なお、『すみから』の木曜日では、クロストークの時間に『二十の扉』(角が少年時代に愛聴していたNHKラジオ第1放送のクイズ番組)を踏襲したクイズを放送。『それゆけ!』の出演者が、角の出題するクイズに答える趣向になっていた。当番組の終了後に角がメインパーソナリティ(総合司会)を担当した『ちちんぷいぷい』(MBSテレビ)でも、2009年10月に一時、直前番組の『もうすぐぷいぷい』において「3時の扉」という同様の企画を放送している。

「条件電話」

『すみから』シリーズの核を為したリスナー参加のコーナー。コーナーの性質上、正式なタイトルもタイムテーブルへの記載もなかったが、一般には「条件電話」という通称で知られている。

「たくさんの人からの電話より、たった1本の貴重な情報」を求めるべく、今までと違った方針を考えた結果、ひとひねりしたテーマで聴取者からの電話を受け付けた。主にその日のニュースや時事ネタをきっかけに、ありえないような話、小説のような本当な話を放送した。「条件電話」という通称は、当初設定していた「条件」に見合う電話が入らない場合に、「条件1」「条件2」という方法でテーマを細かく増やしていたことによる。通常の放送では、前述のオープニングトークで「条件1」を告知した後に、基本として放送中に「条件2」まで募集。ただし実際には、「条件3」まで設けることが多かった。ちなみに、テーマの設定に困った場合には、「卑近なニュースが多い」という理由で『産経新聞』大阪本社発行版朝刊の記事を基にテーマや「条件」を決めていたという[9]

生放送中に寄せられたエピソードのうち、角が気になった内容については、番組スタッフがメッセージを寄せたリスナーに随時電話。角と電話をつないだうえで、その内容を詳しく聞いていた。その際、番組アシスタントが「すみからすみまで電話です」と言ってから電話のベルが鳴り、角がどの条件の電話かを紹介してから、リスナーと話を始めていた。なお、15時台の最初には、「角淳一の昼はもしもし」とのタイトルで放送。番組のエンディングには、それぞれの条件でリスナーより掛かってきた電話の件数を紹介していた。

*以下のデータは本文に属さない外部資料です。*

lemma pi_section:
  assumes "h \<in> carrier G''"
  shows "pi_section h \<in> carrier G \<and> \<pi> (pi_section h) = h"
proof -
  have "\<exists>q. q \<in> carrier G \<and> \<pi> q = h"
    using assms pi_surj by (metis imageE)
  then show ?thesis unfolding pi_section_def by (rule someI_ex)
qed

lemma pi_section_carrier [simp]: "h \<in> carrier G'' \<Longrightarrow> pi_section h \<in> carrier G"
  and pi_pi_section [simp]: "h \<in> carrier G'' \<Longrightarrow> \<pi> (pi_section h) = h"
  using pi_section by auto

lemma A_functor: "q \<in> carrier G \<Longrightarrow> is_functor C C (aobj A q) (amor A q)"
  using action_A unfolding is_action_def by blast

end

sublocale extension_action \<subseteq> CG: eqv_category C G "carrier G" A
  by unfold_locales (auto simp: category_C A_functor)

sublocale extension_action \<subseteq> CN: eqv_category C G N A
  by unfold_locales (auto simp: category_C A_functor)

context extension_action
begin

lemma B_functor: "h \<in> carrier G'' \<Longrightarrow> is_functor D D (aobj B h) (amor B h)"
  using action_B unfolding is_action_def by blast

end

sublocale extension_action \<subseteq> DB: eqv_category D G'' "carrier G''" B
  by unfold_locales (auto simp: CN.eqv_cat_is_category B_functor)

context extension_action
begin

lemma amult_A:
  assumes "q2 \<in> carrier G" "q1 \<in> carrier G" "Z \<in> cobj C"
  shows "amult A q2 q1 Z \<in> chom C (aobj A q2 (aobj A q1 Z)) (aobj A (q2 \<otimes>\<^bsub>G\<^esub> q1) Z) \<and>
         is_iso C (amult A q2 q1 Z)"
  using action_A assms unfolding is_action_def is_nat_iso_def by auto

lemma amult_A_carr [simp]: "q2 \<in> carrier G \<Longrightarrow> q1 \<in> carrier G \<Longrightarrow> Z \<in> cobj C \<Longrightarrow> amult A q2 q1 Z \<in> carr C"
  and amult_A_dom [simp]: "q2 \<in> carrier G \<Longrightarrow> q1 \<in> carrier G \<Longrightarrow> Z \<in> cobj C \<Longrightarrow>
    cdom C (amult A q2 q1 Z) = aobj A q2 (aobj A q1 Z)"
  and amult_A_cod [simp]: "q2 \<in> carrier G \<Longrightarrow> q1 \<in> carrier G \<Longrightarrow> Z \<in> cobj C \<Longrightarrow>
    ccod C (amult A q2 q1 Z) = aobj A (q2 \<otimes>\<^bsub>G\<^esub> q1) Z"
  and amult_A_iso [simp]: "q2 \<in> carrier G \<Longrightarrow> q1 \<in> carrier G \<Longrightarrow> Z \<in> cobj C \<Longrightarrow> is_iso C (amult A q2 q1 Z)"
  using amult_A by (auto simp: chom_def)

lemma D_obj_fst [simp]: "U \<in> cobj D \<Longrightarrow> fst U \<in> cobj C"
  unfolding eqv_cat_simps mem_Collect_eq eqv_obj_iff by blast

lemma D_obj_structure:
  "U \<in> cobj D \<Longrightarrow> n \<in> N \<Longrightarrow> snd U n \<in> chom C (aobj A n (fst U)) (fst U) \<and> is_iso C (snd U n)"
  unfolding eqv_cat_simps mem_Collect_eq eqv_obj_iff by blast

lemma D_arr_umor: "f \<in> carr D \<Longrightarrow> umor f \<in> chom C (fst (fst f)) (fst (fst (snd f)))"
  unfolding eqv_carr_iff by blast

lemma D_arr_compatible: "f \<in> carr D \<Longrightarrow> n \<in> N \<Longrightarrow>
   ccomp C (snd (fst (snd f)) n) (amor A n (umor f)) = ccomp C (umor f) (snd (fst f) n)"
  unfolding eqv_carr_iff by blast

lemma gamma_nat_iso: "q \<in> carrier G \<Longrightarrow>
   is_nat_iso D D (canon_obj G N C A q) (amor (canon_action G N C A) q) (aobj B (\<pi> q)) (amor B (\<pi> q)) (\<gamma> q)"
  using gamma_iso unfolding is_action_iso_def by (simp add: canon_action_def pullback_action_def)

lemma gamma_hom: "q \<in> carrier G \<Longrightarrow> U \<in> cobj D \<Longrightarrow>
   \<gamma> q U \<in> chom D (canon_obj G N C A q U) (aobj B (\<pi> q) U) \<and> is_iso D (\<gamma> q U)"
  using gamma_nat_iso unfolding is_nat_iso_def by blast

lemma canon_obj_fst [simp]: "fst (canon_obj G N C A q U) = aobj A q (fst U)"
  by (simp add: canon_obj_def)

lemma canon_obj_snd: "n \<in> N \<Longrightarrow> snd (canon_obj G N C A q U) n =
   ccomp C (amor A q (snd U (inv\<^bsub>G\<^esub> q \<otimes>\<^bsub>G\<^esub> n \<otimes>\<^bsub>G\<^esub> q)))
     (ccomp C (cinv C (amult A q (inv\<^bsub>G\<^esub> q \<otimes>\<^bsub>G\<^esub> n \<otimes>\<^bsub>G\<^esub> q) (fst U))) (amult A n q (fst U)))"
  by (simp add: canon_obj_def)

lemma gamma_dom [simp]: "q \<in> carrier G \<Longrightarrow> U \<in> cobj D \<Longrightarrow> fst (\<gamma> q U) = canon_obj G N C A q U"
  and gamma_cod [simp]: "q \<in> carrier G \<Longrightarrow> U \<in> cobj D \<Longrightarrow> fst (snd (\<gamma> q U)) = aobj B (\<pi> q) U"
  using gamma_hom[of q U] unfolding chom_def by simp_all

lemma canon_obj_D: "q \<in> carrier G \<Longrightarrow> U \<in> cobj D \<Longrightarrow> canon_obj G N C A q U \<in> cobj D"
  using gamma_hom[of q U] DB.dom_obj[of "\<gamma> q U"] by (simp add: chom_def del: eqv_cat_simps)

lemma umor_gamma_carr [simp]: "q \<in> carrier G \<Longrightarrow> U \<in> cobj D \<Longrightarrow> umor (\<gamma> q U) \<in> carr C"
  and umor_gamma_dom [simp]: "q \<in> carrier G \<Longrightarrow> U \<in> cobj D \<Longrightarrow> cdom C (umor (\<gamma> q U)) = aobj A q (fst U)"
  and umor_gamma_cod [simp]: "q \<in> carrier G \<Longrightarrow> U \<in> cobj D \<Longrightarrow> ccod C (umor (\<gamma> q U)) = fst (aobj B (\<pi> q) U)"
  and umor_gamma_iso [simp]: "q \<in> carrier G \<Longrightarrow> U \<in> cobj D \<Longrightarrow> is_iso C (umor (\<gamma> q U))"
  using gamma_hom[of q U] D_arr_umor[of "\<gamma> q U"] CN.eqv_iso_imp_iso[of "\<gamma> q U"]
  by (simp_all add: chom_def)

lemma gamma_natural: "q \<in> carrier G \<Longrightarrow> f \<in> carr D \<Longrightarrow>
   ccomp C (umor (\<gamma> q (fst (snd f)))) (amor A q (umor f)) = ccomp C (umor (amor B (\<pi> q) f)) (umor (\<gamma> q (fst f)))"
proof -
  assume q: "q \<in> carrier G" and f: "f \<in> carr D"
  have "ccomp D (\<gamma> q (ccod D f)) (amor (canon_action G N C A) q f) = ccomp D (amor B (\<pi> q) f) (\<gamma> q (cdom D f))"
    using gamma_nat_iso[OF q] f unfolding is_nat_iso_def by blast
  then show ?thesis by (simp add: canon_action_def)
qed

lemma gamma_unit:
  assumes "U \<in> cobj D"
  shows "ccomp C (umor (aunit B U)) (umor (\<gamma> \<one>\<^bsub>G\<^esub> U)) = aunit A (fst U)"
proof -
  have "ccomp D (aunit (pullback_action \<pi> B) U) (\<gamma> \<one>\<^bsub>G\<^esub> U) = aunit (canon_action G N C A) U"
    using gamma_iso assms unfolding is_action_iso_def by blast
  then show ?thesis by (simp add: canon_action_def pullback_action_def)
qed

lemma gamma_cocycle: "q2 \<in> carrier G \<Longrightarrow> q1 \<in> carrier G \<Longrightarrow> U \<in> cobj D \<Longrightarrow>
  ccomp C (umor (\<gamma> (q2 \<otimes>\<^bsub>G\<^esub> q1) U)) (amult A q2 q1 (fst U)) =
  ccomp C (umor (amult B (\<pi> q2) (\<pi> q1) U))
    (ccomp C (umor (\<gamma> q2 (aobj B (\<pi> q1) U))) (amor A q2 (umor (\<gamma> q1 U))))"
proof -
  assume q: "q2 \<in> carrier G" "q1 \<in> carrier G" and U: "U \<in> cobj D"
  have "ccomp D (\<gamma> (q2 \<otimes>\<^bsub>G\<^esub> q1) U) (amult (canon_action G N C A) q2 q1 U) =
        ccomp D (amult (pullback_action \<pi> B) q2 q1 U)
          (ccomp D (\<gamma> q2 (aobj (pullback_action \<pi> B) q1 U)) (amor (canon_action G N C A) q2 (\<gamma> q1 U)))"
    using gamma_iso q U unfolding is_action_iso_def by blast
  then show ?thesis by (simp add: canon_action_def pullback_action_def)
qed

lemma gamma_trivial:
  assumes "n \<in> N" "U \<in> cobj D"
  shows "ccomp C (umor (aunit B U)) (umor (\<gamma> n U)) = snd U n"
proof -
  have "ccomp D (aunit B U) (\<gamma> n U) = (canon_obj G N C A n U, U, snd U n)"
    using gamma_trivialization assms unfolding restricts_to_canonical_trivialization_def by blast
  then show ?thesis by simp
qed

lemma B_unit_law: "h \<in> carrier G'' \<Longrightarrow> U \<in> cobj D \<Longrightarrow> amult B \<one>\<^bsub>G''\<^esub> h U = aunit B (aobj B h U)"
  using action_B unfolding is_action_def by blast

lemma aunit_B_hom: "U \<in> cobj D \<Longrightarrow> aunit B U \<in> chom D (aobj B \<one>\<^bsub>G''\<^esub> U) U"
  using action_B unfolding is_action_def is_nat_iso_def id_apply by blast

lemma amult_B_hom: "h2 \<in> carrier G'' \<Longrightarrow> h1 \<in> carrier G'' \<Longrightarrow> U \<in> cobj D \<Longrightarrow>
   amult B h2 h1 U \<in> chom D (aobj B h2 (aobj B h1 U)) (aobj B (h2 \<otimes>\<^bsub>G''\<^esub> h1) U) \<and> is_iso D (amult B h2 h1 U)"
  using action_B unfolding is_action_def is_nat_iso_def o_apply by blast

lemma umor_aunit_B_carr [simp]: "U \<in> cobj D \<Longrightarrow> umor (aunit B U) \<in> carr C"
  and umor_aunit_B_dom [simp]: "U \<in> cobj D \<Longrightarrow> cdom C (umor (aunit B U)) = fst (aobj B \<one>\<^bsub>G''\<^esub> U)"
  and umor_aunit_B_cod [simp]: "U \<in> cobj D \<Longrightarrow> ccod C (umor (aunit B U)) = fst U"
  using aunit_B_hom[of U] D_arr_umor[of "aunit B U"] by (simp_all add: chom_def)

第1回放送での「条件」は、「昨日(放送前日)に後楽園球場であった巨人対阪神の開幕戦で、掛布雅之(当時・阪神内野手)の3ランをレフトスタンドで目撃した方」[10]。放送直近に発生した事件・事故から「条件」を設けた場合には、毎日放送のアナウンサー・記者による中継・電話レポートを入れたり、事故の目撃者や事件の当事者の知り合いなどから電話で証言が寄せられたりすることもあった。

毎日放送の系列局・北海道放送HBCラジオ)が運営する北見放送局の地域別番組用ラジオスタジオ(現在は番組制作を休止)からMBSラジオ・HBC北見放送局向けの生放送を実施した日には、「阪神ファンである北見放送局のリスナー」という「条件」で電話を呼び掛けたところ、角や当番組を知らないはずのリスナーから数本の電話を受けた[11]湾岸戦争の開戦中には、角の部下であったアナウンサーをヨルダンに派遣したうえで、現地の街頭にある公衆電話の番号をメモに控えるように依頼。エジプトからの留学生を当番組のスタジオで待機させるとともに、角が放送中にその番号へ国際電話をかけることによって、偶然電話を受けた現地の住民から実情や本音を聞き出していた。角によれば、世界各地に派遣されている商社マンの夫人からの電話は、「リアルな市場情報」を知るうえで大いに重宝したという[12]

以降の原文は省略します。